How much longer will Philadelphia 76ers ownership be okay with this rebuilding process?

Trust the process.

That’s been the mantra in Philadelphia as they have taken the “get bad to get good” rebuilding method to an extreme no other team has attempted. The Sixers won 19 games two seasons ago, 18 last season, and they are widely expected to be once again one of the worst teams in the NBA in 2015-16.

Don’t get me wrong, the Sixers should be better this season — Jahlil Okafor is the kind of franchise cornerstone player that GM Sam Hinkie has been looking for, but he is still a rookie and showed in Summer League he has some work to do. Last season coach Brett Brown built a good defensive mindset around Nerlens Noel in the paint and the Sixers were 12th in the NBA in defensive rating and that should continue. Other young players for the Sixers — such as Robert Covington and Nik Stauskas — should show some improvement and progression.

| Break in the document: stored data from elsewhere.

lemma eight_cycle_decomposition_UN:
  assumes dec: "\<And>i. i \<in> I \<Longrightarrow> eight_cycle_decomposition (G i) (\<C> i)"
    and disj: "\<And>i j. i \<in> I \<Longrightarrow> j \<in> I \<Longrightarrow> i \<noteq> j \<Longrightarrow> G i \<inter> G j = {}"
  shows "eight_cycle_decomposition (\<Union>i\<in>I. G i) (\<Union>i\<in>I. \<C> i)"
  unfolding eight_cycle_decomposition_def
proof (intro conjI ballI impI)
  fix C assume "C \<in> (\<Union>i\<in>I. \<C> i)"
  then show "is_8cycle C" using dec unfolding eight_cycle_decomposition_def by blast
next
  fix C D assume "C \<in> (\<Union>i\<in>I. \<C> i)" "D \<in> (\<Union>i\<in>I. \<C> i)" "C \<noteq> D"
  then obtain i j where ij: "i \<in> I" "j \<in> I" "C \<in> \<C> i" "D \<in> \<C> j" by blast
  show "C \<inter> D = {}"
  proof (cases "i = j")
    case True
    with ij \<open>C \<noteq> D\<close> dec[OF \<open>i \<in> I\<close>] show ?thesis
      unfolding eight_cycle_decomposition_def by blast
  next
    case False
    have "C \<subseteq> G i" "D \<subseteq> G j"
      using ij dec unfolding eight_cycle_decomposition_def by blast+
    with disj[OF \<open>i \<in> I\<close> \<open>j \<in> I\<close> False] show ?thesis by blast
  qed
next
  have "\<Union>(\<C> i) = G i" if "i \<in> I" for i
    using dec[OF that] unfolding eight_cycle_decomposition_def by blast
  then show "\<Union>(\<Union>i\<in>I. \<C> i) = (\<Union>i\<in>I. G i)" by blast
qed

lemma eight_cycle_decomposition_UN_index_unique:
  assumes dec: "\<And>i. i \<in> I \<Longrightarrow> eight_cycle_decomposition (G i) (\<C> i)"
    and disj: "\<And>i j. i \<in> I \<Longrightarrow> j \<in> I \<Longrightarrow> i \<noteq> j \<Longrightarrow> G i \<inter> G j = {}"
    and "i \<in> I" "j \<in> I" "C \<in> \<C> i" "C \<in> \<C> j"
  shows "i = j"
proof -
  have "C \<subseteq> G i" "C \<subseteq> G j" "is_8cycle C"
    using assms(3-6) dec unfolding eight_cycle_decomposition_def by blast+
  then show ?thesis using disj assms(3,4) is_8cycle_nonempty by blast
qed

definition inside_8cycle_family ::
    "'a set set \<Rightarrow> 'a set set set \<Rightarrow> ('a set set \<Rightarrow> 'a set set) \<Rightarrow> bool" where
  "inside_8cycle_family E \<C> f \<longleftrightarrow>
     (\<forall>C\<in>\<C>. inside_8cycle C (f C) \<and> f C \<subseteq> E) \<and>
     (\<forall>C\<in>\<C>. \<forall>D\<in>\<C>. C \<noteq> D \<longrightarrow> f C \<inter> f D = {}) \<and>
     eight_cycle_decomposition E (f ` \<C>)"

lemma almost_2_perfect_iff:
  "almost_2_perfect E \<C> \<longleftrightarrow>
     eight_cycle_decomposition E \<C> \<and> (\<exists>f. inside_8cycle_family E \<C> f)"
  unfolding almost_2_perfect_def inside_8cycle_family_def ..

lemma inside_8cycle_family_UN:
  assumes fam: "\<And>i. i \<in> I \<Longrightarrow> inside_8cycle_family (G i) (\<C> i) (f i)"
    and disj: "\<And>i j. i \<in> I \<Longrightarrow> j \<in> I \<Longrightarrow> i \<noteq> j \<Longrightarrow> G i \<inter> G j = {}"
    and F: "\<And>i C. i \<in> I \<Longrightarrow> C \<in> \<C> i \<Longrightarrow> F C = f i C"
  shows "inside_8cycle_family (\<Union>i\<in>I. G i) (\<Union>i\<in>I. \<C> i) F"
proof -
  have f_inside: "inside_8cycle C (f i C)"
    and f_sub: "f i C \<subseteq> G i"
    and f_disj: "D \<in> \<C> i \<Longrightarrow> C \<noteq> D \<Longrightarrow> f i C \<inter> f i D = {}"
    if "i \<in> I" "C \<in> \<C> i" for i C D
    using fam[OF that(1)] that(2) unfolding inside_8cycle_family_def by blast+
  have f_dec: "eight_cycle_decomposition (G i) (f i ` \<C> i)" if "i \<in> I" for i
    using fam[OF that] unfolding inside_8cycle_family_def by blast
  have "F ` (\<Union>i\<in>I. \<C> i) = (\<Union>i\<in>I. f i ` \<C> i)"
    unfolding image_UN using F by (intro SUP_cong image_cong) simp_all
  then have F_dec: "eight_cycle_decomposition (\<Union>i\<in>I. G i) (F ` (\<Union>i\<in>I. \<C> i))"
    using eight_cycle_decomposition_UN[of I G "\<lambda>i. f i ` \<C> i", OF f_dec disj] by simp
  have F_disj: "F C \<inter> F D = {}"
    if "i \<in> I" "j \<in> I" "C \<in> \<C> i" "D \<in> \<C> j" "C \<noteq> D" for i j C D
  proof (cases "i = j")
    case True
    then show ?thesis using that f_disj unfolding F[OF that(1,3)] F[OF that(2,4)] by simp
  next
    case False
    have "F C \<subseteq> G i" "F D \<subseteq> G j"
      using that f_sub unfolding F[OF that(1,3)] F[OF that(2,4)] by simp_all
    with disj[OF that(1,2) False] show ?thesis by blast
  qed
  show ?thesis
    unfolding inside_8cycle_family_def
  proof (intro conjI ballI impI)
    fix C assume "C \<in> (\<Union>i\<in>I. \<C> i)"
    then obtain i where i: "i \<in> I" "C \<in> \<C> i" by blast
    show "inside_8cycle C (F C)" "F C \<subseteq> (\<Union>i\<in>I. G i)"
      unfolding F[OF i] using f_inside[OF i] f_sub[OF i] i(1) by auto
    fix D assume "D \<in> (\<Union>i\<in>I. \<C> i)" "C \<noteq> D"
    then show "F C \<inter> F D = {}" using F_disj i by blast
  qed (rule F_dec)
qed

lemma almost_2_perfect_UN:
  assumes a2p: "\<And>i. i \<in> I \<Longrightarrow> almost_2_perfect (G i) (\<C> i)"
    and disj: "\<And>i j. i \<in> I \<Longrightarrow> j \<in> I \<Longrightarrow> i \<noteq> j \<Longrightarrow> G i \<inter> G j = {}"
  shows "almost_2_perfect (\<Union>i\<in>I. G i) (\<Union>i\<in>I. \<C> i)"
proof -
  have dec: "eight_cycle_decomposition (G i) (\<C> i)" if "i \<in> I" for i
    using a2p[OF that] unfolding almost_2_perfect_iff by blast
  have "\<forall>i\<in>I. \<exists>g. inside_8cycle_family (G i) (\<C> i) g"
    using a2p unfolding almost_2_perfect_iff by blast
  then obtain f where "\<forall>i\<in>I. inside_8cycle_family (G i) (\<C> i) (f i)"
    by (rule bchoice[elim_format]) blast
  then have f: "\<And>i. i \<in> I \<Longrightarrow> inside_8cycle_family (G i) (\<C> i) (f i)" by blast
  define F where "F C = f (THE i. i \<in> I \<and> C \<in> \<C> i) C" for C
  have F_eq: "F C = f i C" if "i \<in> I" "C \<in> \<C> i" for i C
  proof -
    have "(THE i. i \<in> I \<and> C \<in> \<C> i) = i"
    proof (rule the_equality)
      show "i \<in> I \<and> C \<in> \<C> i" using that ..
      fix j assume "j \<in> I \<and> C \<in> \<C> j"
      with that show "j = i"
        by (intro eight_cycle_decomposition_UN_index_unique[OF dec disj]) simp_all
    qed
    then show ?thesis unfolding F_def by simp
  qed
  have "inside_8cycle_family (\<Union>i\<in>I. G i) (\<Union>i\<in>I. \<C> i) F"
    using inside_8cycle_family_UN[OF f disj F_eq] .
  then show ?thesis
    unfolding almost_2_perfect_iff using eight_cycle_decomposition_UN[OF dec disj]
    by (intro conjI exI[of _ F])
qed

definition block44 :: "nat \<Rightarrow> nat \<Rightarrow> (nat + nat) set set" where
  "block44 p q = {{Inl a, Inr b} | a b. a div 4 = p \<and> b div 4 = q}"

text \<open>With \<open>a\<^sub>r = Inl (4p + r)\<close> and \<open>b\<^sub>u = Inr (4q + u)\<close>, the first cycle uses the edges
  \<open>a\<^sub>r b\<^sub>u\<close> with \<open>u \<equiv> r, r - 1 (mod 4)\<close> and the second those with \<open>u \<equiv> r + 1, r + 2 (mod 4)\<close>.\<close>

definition cycle44_1 :: "nat \<Rightarrow> nat \<Rightarrow> (nat + nat) list" where
  "cycle44_1 p q = [Inl (4*p), Inr (4*q), Inl (4*p+1), Inr (4*q+1),
                    Inl (4*p+2), Inr (4*q+2), Inl (4*p+3), Inr (4*q+3)]"

definition cycle44_2 :: "nat \<Rightarrow> nat \<Rightarrow> (nat + nat) list" where
  "cycle44_2 p q = [Inl (4*p), Inr (4*q+1), Inl (4*p+3), Inr (4*q),
                    Inl (4*p+2), Inr (4*q+3), Inl (4*p+1), Inr (4*q+2)]"

lemma block44_eq_offsets:
  "block44 p q = {{Inl (4*p + r), Inr (4*q + u)} | r u. r < 4 \<and> u < 4}"
  unfolding block44_def
proof (intro set_eqI iffI)
  fix e assume "e \<in> {{Inl a, Inr b} | a b. a div 4 = p \<and> b div 4 = q}"
  then obtain a b where e: "e = {Inl a, Inr b}" "a div 4 = p" "b div 4 = q" by blast
  then have "a = 4*p + a mod 4" "b = 4*q + b mod 4" by auto
  then show "e \<in> {{Inl (4*p + r), Inr (4*q + u)} | r u. r < 4 \<and> u < 4}"
    using e(1) by (intro CollectI exI[of _ "a mod 4"] exI[of _ "b mod 4"]) simp
next
  fix e assume "e \<in> {{Inl (4*p + r), Inr (4*q + u)} | r u. r < 4 \<and> u < 4}"
  then obtain r u where "e = {Inl (4*p + r), Inr (4*q + u)}" "r < 4" "u < 4" by blast
  then show "e \<in> {{Inl a, Inr b} | a b. a div 4 = p \<and> b div 4 = q}"
    by (intro CollectI exI[of _ "4*p + r"] exI[of _ "4*q + u"]) simp
qed

lemma in_block44I:
  assumes "a div 4 = p" "b div 4 = q"
  shows "{Inl a, Inr b} \<in> block44 p q" "{Inr b, Inl a} \<in> block44 p q"
proof -
  show "{Inl a, Inr b} \<in> block44 p q"
    unfolding block44_def using assms by blast
  then show "{Inr b, Inl a} \<in> block44 p q" by (simp add: insert_commute)
qed

lemma block44_split: "block44 p q = cycle_edges (cycle44_1 p q) \<union> cycle_edges (cycle44_2 p q)"
proof
  show "block44 p q \<subseteq> cycle_edges (cycle44_1 p q) \<union> cycle_edges (cycle44_2 p q)"
  proof
    fix e assume "e \<in> block44 p q"
    then obtain r u where e: "e = {Inl (4*p + r), Inr (4*q + u)}" "r < 4" "u < 4"
      unfolding block44_eq_offsets by blast
    then have "r \<in> {0, 1, 2, 3}" "u \<in> {0, 1, 2, 3}" by auto
    then show "e \<in> cycle_edges (cycle44_1 p q) \<union> cycle_edges (cycle44_2 p q)"
      unfolding e(1) cycle44_1_def cycle44_2_def cycle_edges_8
      by (elim insertE emptyE; simp add: doubleton_eq_iff)
  qed
  show "cycle_edges (cycle44_1 p q) \<union> cycle_edges (cycle44_2 p q) \<subseteq> block44 p q"
    unfolding cycle44_1_def cycle44_2_def cycle_edges_8 by (simp add: in_block44I)
qed

lemma block44_cycles:
  shows "is_8cycle (cycle_edges (cycle44_1 p q))" "is_8cycle (cycle_edges (cycle44_2 p q))"
    and "cycle_edges (cycle44_1 p q) \<inter> cycle_edges (cycle44_2 p q) = {}"
    and "cycle_vertices (cycle_edges (cycle44_1 p q)) = cycle_vertices (cycle_edges (cycle44_2 p q))"
proof -
  show "is_8cycle (cycle_edges (cycle44_1 p q))" "is_8cycle (cycle_edges (cycle44_2 p q))"
    by (auto intro!: is_8cycle_cycle_edges simp: cycle44_1_def cycle44_2_def)
  show "cycle_edges (cycle44_1 p q) \<inter> cycle_edges (cycle44_2 p q) = {}"
    unfolding cycle44_1_def cycle44_2_def cycle_edges_8 by (auto simp: doubleton_eq_iff)
  show "cycle_vertices (cycle_edges (cycle44_1 p q)) = cycle_vertices (cycle_edges (cycle44_2 p q))"
    unfolding cycle_vertices_def by (auto simp: Union_cycle_edges cycle44_1_def cycle44_2_def)
qed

Still, this is going to be a bad team. The playoffs are about as likely as building a colony on Mars by next April. Even something like the 30-win barrier seems impossible to clear.

Trust the process.

The Sixers will head into the 2016 NBA draft with as many as four first-round picks: Theirs, the Lakers (top three protected), the Heat’s (top 10 protected), and the Thunder’s (lottery protected). They still have Dario Saric stashed overseas — he showed a little promise but looked a bit raw at EuroBasket — and he is expected to come over next summer. Plus they have Joel Embiid, who was a top three pick and highly rated, but who is about to miss his second full season due to a second foot surgery (never a good sign with big men).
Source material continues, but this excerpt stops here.